Base class pointer vs inherited class pointer?

Question

Suppose I have a class Dog that inherits from a class Animal. What is the difference between these two lines of code?

    Animal *a         


        

Answer 1

No, they aren't the same.

The Dog pointer is not as polymorphic as Animal. All it can point to at runtime is a Dog or a subclass of Dog. If there are no subclasses of Dog, then the Dog runtime type and compile time types are the same.

The Animal pointer can refer to any subclass of Animal: Dog, Cat, Wildebeast, etc.

Answer 2

You must always remember there are 2 parts in every class, the data and the interface.

Your code truly created 2 Dog objects on the heap. Which means the data is of Dog. This object is of size the sum of all data members Dog + Animal + the vtable pointer.

The ponters a and d (lvalues) differ as from a interface point of view. Which determines how you can treat them code wise. So even though Animal* a is really a Dog, you could not access a->Bark() even if Dog::Bark() existed. d->Bark() would have worked fine.

Adding the vtable back into the picture, assuming the interface of Animal had Animal::Move a generic Move() and that Dog really overwriten with a Dog::Move() { like a dog }.

Even if you had Animal a* and performed a->Move() thanks to the vtable you would actually Move() { like a dog }. This happens because Animal::Move() was a (virtual) function pointer re-pointed to Dog's::Move() while constructing Dog().

Answer 3

The answer to this question is a giant: It depends

There are numerous ways in which the type of the pointer could become important. C++ is a very complex language and one of the ways it shows up is with inheritance.

Lets take a short example to demonstrate one of the many ways in which this could matter.

class Animal {
public:
  virtual void MakeSound(const char* pNoise) { ... }
  virtual void MakeSound() { ... }
};

class Dog : public Animal {
public:
  virtual void MakeSound() {... }
};

int main() {
  Animal* a = new Dog();
  Dog* d = new Dog();
  a->MakeSound("bark");
  d->MakeSound("bark"); // Does not compile
  return 0;
}

The reason why is a quirk of the way C++ does name lookup. In Short: When looking for a method to call C++ will walk the type hierarchy looking for the first type which has a method of the matching name. It will then look for a correct overload from the methods with that name declared on that type. Since Dog only declares a MakeSound method with no parameters, no overload matches and it fails to compile.

Answer 4

The first line allow you to call only members of the Animal class on a :

Animal *a = new Dog();
a->eat(); // assuming all Animal can eat(), here we will call Dog::eat() implementation.
a->bark(); // COMPILATION ERROR : bark() is not a member of Animal! Even if it's available in Dog, here we manipulate an Animal.

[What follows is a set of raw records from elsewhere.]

(* Let $T\ge1$, let $\tau>0$ with $\tau<\frac{1}{4L}$, and let $(x_t)$ be generated from a deterministic $x_0$ by the randomized incremental proximal method $x_{t+1}=\operatorname{prox}_{\tau m g_{j_t}}(x_t-\tau\nabla f_{i_t}(x_t))$. Let $\epsilon'>0$ be arbitrary, $a=2\tau L(1+\epsilon')$ and $v=\left(1+\frac1{\epsilon'}\right)\sigma_*^2\tau$. Then for every $t\in\{0,\dots,T\}$ and every random vector $z_t$ measurable with respect to $\sigma(x_0,\dots,x_t)$, \[ \mathbb{E}_t\left[h(x_{t+1})-h(z_t)-a\,h(x_t)+a\,h^*\right]\le\frac{1}{2\tau}\mathbb{E}_t\left[\|x_t-z_t\|^2-\|x_{t+1}-z_t\|^2\right]+v+8\tau m^2L_g^2. \]
   Context: Setting. Let $D$ be a probability distribution on an index set, and for each index $i$ let $f_i:\mathbb{R}^n\to\mathbb{R}$ be convex and differentiable with $L$-Lipschitz gradient ($L>0$). Let $f(x)=\mathbb{E}_{i\sim D}[f_i(x)]$ with $\mathbb{E}_{i\sim D}[\nabla f_i(x)]=\nabla f(x)$ for all $x$. Let $g=\sum_{j=1}^m g_j$ where each $g_j:\mathbb{R}^n\to\mathbb{R}$ is proper, convex, lower semicontinuous and $L_g$-Lipschitz. Let $h=f+g$, assume $X^*=\arg\min h\neq\emptyset$, $h^*=\min h$, and $\sigma_*^2:=\mathbb{E}_{i\sim D}\|\nabla f_i(x^* )\|^2<\infty$ for some $x^*\in X^*$. $\operatorname{prox}_{\lambda\phi}(y)=\arg\min_z\{\lambda\phi(z)+\tfrac12\|y-z\|^2\}$. At each iteration $i_t\sim D$ and $j_t$ uniform on $\{1,\dots,m\}$, independent of each other and of $x_0,\dots,x_t$. $\mathbb{E}_t$ is conditional expectation given $\sigma(x_0,\dots,x_t)$. *)

theory Defs
  imports "HOL-Analysis.Analysis" "HOL-Probability.Probability"
begin

text \<open>For convex,
  finite-valued (hence continuous) phi the minimiser exists and is unique.\<close>
definition prox :: "('a::euclidean_space \<Rightarrow> real) \<Rightarrow> 'a \<Rightarrow> 'a" where
  "prox phi y = (SOME z. \<forall>w. phi z + (1/2) * (norm (y - z))\<^sup>2 \<le> phi w + (1/2) * (norm (y - w))\<^sup>2)"

text \<open>h = f + sum_{j=1}^m g_j (components g_j indexed by j < m).\<close>
definition hfun :: "('a \<Rightarrow> real) \<Rightarrow> (nat \<Rightarrow> 'a \<Rightarrow> real) \<Rightarrow> nat \<Rightarrow> 'a \<Rightarrow> real" where
  "hfun F g m x = F x + (\<Sum>j<m. g j x)"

Although (as pointed by others), in this cas as a is still an Animal, you can't provide a as a parameter of a function asking for a more specific child class that is Dog :

void toy( Dog* dog );

toy( a ); // COMPILATION ERROR : we want a Dog!

The second line allow you to use specific functions of the child class :

Dog *a = new Dog();
a->bark(); // works, but only because we're manipulating a Dog

So use the base class as the "generic" interface of your class hierarchy (allowing you to make all your Animals to eat() whithout bothering about how).

Answer 5

The distinction is important when you call a virtual function using the pointer. Let's say Animal and Dog both have functions called do_stuff().

1. If Animal::do_stuff() is declared virtual, calling do_stuff() on an Animal pointer will call Dog::do_stuff().

2. If Animal::do_stuff() is not declared virtual, calling do_stuff() on an Animal pointer will call Animal::do_stuff().

Here's a full working program to demonstrate:

#include <iostream>

class Animal {
public:
        void do_stuff() { std::cout << "Animal::do_stuff\n"; }
        virtual void virt_stuff() { std::cout << "Animal::virt_stuff\n"; }
};

class Dog : public Animal {
public:
        void do_stuff() { std::cout << "Dog::do_stuff\n"; }
        void virt_stuff() { std::cout << "Dog::virt_stuff\n"; }
};

int main(int argc, char *argv[])
{
        Animal *a = new Dog();
        Dog *b = new Dog();

        a->do_stuff();
        b->do_stuff();
        a->virt_stuff();
        b->virt_stuff();
}

Output:

Animal::do_stuff
Dog::do_stuff
Dog::virt_stuff
Dog::virt_stuff

This is just one example. The other answers list other important differences.

Answer 6

It makes no real difference at run time, as the two instances are the same. The only difference is at compile time, where you could call for example d->bark() but not a->bark(), even if a actually contains a dog. The compiler considers the variable to be an animal and only that.